= Data section =
(* Let $\lambda, v, u$ be positive integers and let $M=m_1,m_2,\ldots,m_t$ be a sequence of integers with $m_1\leq m_2\leq\cdots\leq m_t$ and $m_i\equiv 0\pmod{2}$ for all $i\in\{1,2,\ldots,t\}$. If there exists an $(M)$-cycle decomposition of $\lambda K_{v,u}$, then all of the following hold: (a) $m_t\leq 2\min(\{v,u\})$; (b) $\lambda v\equiv \lambda u\equiv 0\pmod{2}$; (c) $t\leq \frac{\lambda}{2}vu-m_t+2$ if $\lambda$ is even; (d) $2\nu_2(M)\leq (\lambda-1)vu$ if $\lambda$ is odd.
   Context: $\lambda K_{v,u}$ denotes the multigraph with vertex set $V\cup U$, where $V,U$ are disjoint, $|V|=v$, $|U|=u$, in which every $x\in V$ and $y\in U$ are joined by exactly $\lambda$ parallel edges and there are no other edges. For $m\geq 2$, an $m$-cycle is a subgraph consisting of $m$ distinct vertices $x_0,\ldots,x_{m-1}$ and one edge joining $x_i$ and $x_{i+1}$ for each $i$ (indices mod $m$); in particular a $2$-cycle consists of two parallel edges between two vertices. An $(M)$-cycle decomposition of a multigraph $G$, for $M=m_1,\ldots,m_t$, is a partition of the edge set of $G$ into $t$ cycles of lengths $m_1,\ldots,m_t$ respectively. $\nu_k(M)$ denotes the number of indices $i$ with $m_i=k$. *)

theory Defs
  imports Complex_Main
begin

(* Vertices of lambda K_{v,u}: Inl a (a < v) form V, Inr b (b < u) form U.
   Edges: triples (a, b, k) with a < v, b < u, k < lambda; the k-th of the
   lambda parallel edges joining Inl a and Inr b. *)

type_synonym vert = "nat + nat"
type_synonym edge = "nat \<times> nat \<times> nat"

definition lKvu_edges :: "nat \<Rightarrow> nat \<Rightarrow> nat \<Rightarrow> edge set" where
  "lKvu_edges lam v u = {(a, b, k). a < v \<and> b < u \<and> k < lam}"

definition joins :: "edge \<Rightarrow> vert \<Rightarrow> vert \<Rightarrow> bool" where
  "joins e x y \<longleftrightarrow> (case e of (a, b, k) \<Rightarrow> {x, y} = {Inl a, Inr b})"

definition is_cycle :: "nat \<Rightarrow> edge set \<Rightarrow> bool" where
  "is_cycle m C \<longleftrightarrow> m \<ge> 2 \<and>
     (\<exists>xs :: vert list. \<exists>es :: edge list.
        length xs = m \<and> distinct xs \<and> length es = m \<and> distinct es \<and> set es = C \<and>
        (\<forall>i<m. joins (es ! i) (xs ! i) (xs ! ((i + 1) mod m))))"

definition cycle_decomposition :: "edge set \<Rightarrow> nat list \<Rightarrow> bool" where
  "cycle_decomposition E ms \<longleftrightarrow>
     (\<exists>Cs :: edge set list. length Cs = length ms \<and>
        (\<forall>i<length ms. is_cycle (ms ! i) (Cs ! i)) \<and>
        (\<forall>i<length ms. \<forall>j<length ms. i \<noteq> j \<longrightarrow> Cs ! i \<inter> Cs ! j = {}) \<and>
        (\<Union>i<length ms. Cs ! i) = E)"

definition nu :: "nat \<Rightarrow> nat list \<Rightarrow> nat" where
  "nu k ms = card {i. i < length ms \<and> ms ! i = k}"

end

theory Submission
  imports Defs
begin

(*
  A cycle of lambda K_{v,u} meets each vertex in 0 or 2 edges and alternates between the
  sides V and U, so an m-cycle has exactly m/2 vertices on each side; this gives (a), and
  counting the edges at one vertex (an even number per cycle) gives (b).

  For (c) let lambda be even, C any cycle and B \<subseteq> V a set splitting the V-vertices
  of C. Walking around C one finds a vertex b \<in> U with exactly one C-edge into B.
  The lambda |B| edges between b and B are even in number, and a cycle whose V-vertices
  are not split by B contributes 0 or 2 of them; hence B splits another cycle. So the
  V-vertex set of C lies in one connected component of the hypergraph formed by the
  V-vertex sets of the other cycles, whence |C|/2 \<le> 1 + \<Sum>(m_i/2 - 1) over the other
  cycles; with \<Sum> m_i = lambda v u and |C| = m_t this is (c).

  For (d) a 2-cycle is a pair of parallel edges, so for odd lambda the 2-cycles use at
  most lambda - 1 of the lambda edges joining any two vertices.
*)

definition ends :: "edge \<Rightarrow> vert set" where
  "ends e = {Inl (fst e), Inr (fst (snd e))}"

lemma joins_iff_ends: "joins e x y \<longleftrightarrow> {x, y} = ends e"
  by (cases e) (auto simp: joins_def ends_def)

lemma Inl_in_ends_iff [simp]: "Inl a \<in> ends e \<longleftrightarrow> fst e = a"
  by (auto simp: ends_def)

lemma Inr_in_ends_iff [simp]: "Inr b \<in> ends e \<longleftrightarrow> fst (snd e) = b"
  by (auto simp: ends_def)

lemma Suc_mod_inj: "i < m \<Longrightarrow> k < m \<Longrightarrow> Suc k mod m = Suc i mod m \<Longrightarrow> k = i"
  by (auto simp: mod_Suc split: if_splits)

lemma cyclically_invariant_const:
  assumes "\<And>i. i < m \<Longrightarrow> g (Suc i mod m) = g i" and "k < m"
  shows "g k = g 0"
  using assms(2)
proof (induction k)
  case (Suc k)
  then show ?case using assms(1)[of k] by simp
qed simp

definition splits :: "'a set \<Rightarrow> 'a set \<Rightarrow> bool" where
  "splits B A \<longleftrightarrow> A \<inter> B \<noteq> {} \<and> \<not> A \<subseteq> B"

locale cycle_seq =
  fixes m :: nat and xs :: "vert list" and es :: "edge list"
  assumes two_le_m: "2 \<le> m"
    and length_xs: "length xs = m" and distinct_xs: "distinct xs"
    and length_es: "length es = m" and distinct_es: "distinct es"
    and joins_es: "i < m \<Longrightarrow> joins (es ! i) (xs ! i) (xs ! (Suc i mod m))"

lemma is_cycleE:
  assumes "is_cycle m C"
  obtains xs es where "cycle_seq m xs es" "set es = C"
  using assms unfolding is_cycle_def cycle_seq_def by auto

context cycle_seq
begin

lemma ends_es: "i < m \<Longrightarrow> ends (es ! i) = {xs ! i, xs ! (Suc i mod m)}"
  using joins_es by (simp add: joins_iff_ends)

lemma filter_set_es: "{e \<in> set es. P e} = (\<lambda>k. es ! k) ` {k. k < m \<and> P (es ! k)}"
  unfolding set_conv_nth length_es by blast

lemma incident_edges_Suc:
  assumes "i < m"
  shows "{e \<in> set es. xs ! (Suc i mod m) \<in> ends e} = {es ! i, es ! (Suc i mod m)}"
proof -
  have Suc_i: "Suc i mod m < m" using two_le_m by simp
  have "xs ! (Suc i mod m) \<in> ends (es ! k) \<longleftrightarrow> k = i \<or> k = Suc i mod m" if "k < m" for k
  proof -
    have "Suc k mod m < m" using two_le_m by simp
    then have "xs ! (Suc i mod m) = xs ! (Suc k mod m) \<longleftrightarrow> k = i"
      using Suc_i Suc_mod_inj[OF assms that] by (auto simp: nth_eq_iff_index_eq[OF distinct_xs] length_xs)
    moreover have "xs ! (Suc i mod m) = xs ! k \<longleftrightarrow> k = Suc i mod m"
      using Suc_i that by (auto simp: nth_eq_iff_index_eq[OF distinct_xs] length_xs)
    ultimately show ?thesis by (auto simp: ends_es[OF that])
  qed
  then have "{k. k < m \<and> xs ! (Suc i mod m) \<in> ends (es ! k)} = {i, Suc i mod m}"
    using assms Suc_i by auto
  then show ?thesis by (simp add: filter_set_es)
qed

lemma card_incident: "card {e \<in> set es. w \<in> ends e} = (if w \<in> set xs then 2 else 0)"
proof (cases "w \<in> set xs")
  case True
  then obtain p where p: "p < m" "w = xs ! p" by (auto simp: in_set_conv_nth length_xs)
  define i where "i = (if p = 0 then m - 1 else p - 1)"
  have i: "i < m" "Suc i mod m = p"
    using p two_le_m by (auto simp: i_def)
  have "i \<noteq> Suc i mod m" using i p two_le_m by (auto simp: i_def)
  then have "es ! i \<noteq> es ! (Suc i mod m)"
    using i p by (simp add: nth_eq_iff_index_eq[OF distinct_es] length_es)
  then show ?thesis using incident_edges_Suc[OF i(1)] i(2) p True by simp
next
  case False
  have "w \<notin> ends (es ! k)" if "k < m" for k
    using ends_es[OF that] False nth_mem[of k xs] nth_mem[of "Suc k mod m" xs] that two_le_m
    by (auto simp: length_xs)
  then have "\<forall>e \<in> set es. w \<notin> ends e" by (metis in_set_conv_nth length_es)
  then show ?thesis using False by simp
qed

= Exercise description =
Write out, please, only the lines from the one with "then show ?thesis by" through the last line above, both included and unchanged.

= Exercise result =
  then show ?thesis by (simp add: filter_set_es)
qed

lemma card_incident: "card {e \<in> set es. w \<in> ends e} = (if w \<in> set xs then 2 else 0)"
proof (cases "w \<in> set xs")
  case True
  then obtain p where p: "p < m" "w = xs ! p" by (auto simp: in_set_conv_nth length_xs)
  define i where "i = (if p = 0 then m - 1 else p - 1)"
  have i: "i < m" "Suc i mod m = p"
    using p two_le_m by (auto simp: i_def)
  have "i \<noteq> Suc i mod m" using i p two_le_m by (auto simp: i_def)
  then have "es ! i \<noteq> es ! (Suc i mod m)"
    using i p by (simp add: nth_eq_iff_index_eq[OF distinct_es] length_es)
  then show ?thesis using incident_edges_Suc[OF i(1)] i(2) p True by simp
next
  case False
  have "w \<notin> ends (es ! k)" if "k < m" for k
    using ends_es[OF that] False nth_mem[of k xs] nth_mem[of "Suc k mod m" xs] that two_le_m
    by (auto simp: length_xs)
  then have "\<forall>e \<in> set es. w \<notin> ends e" by (metis in_set_conv_nth length_es)
  then show ?thesis using False by simp
qed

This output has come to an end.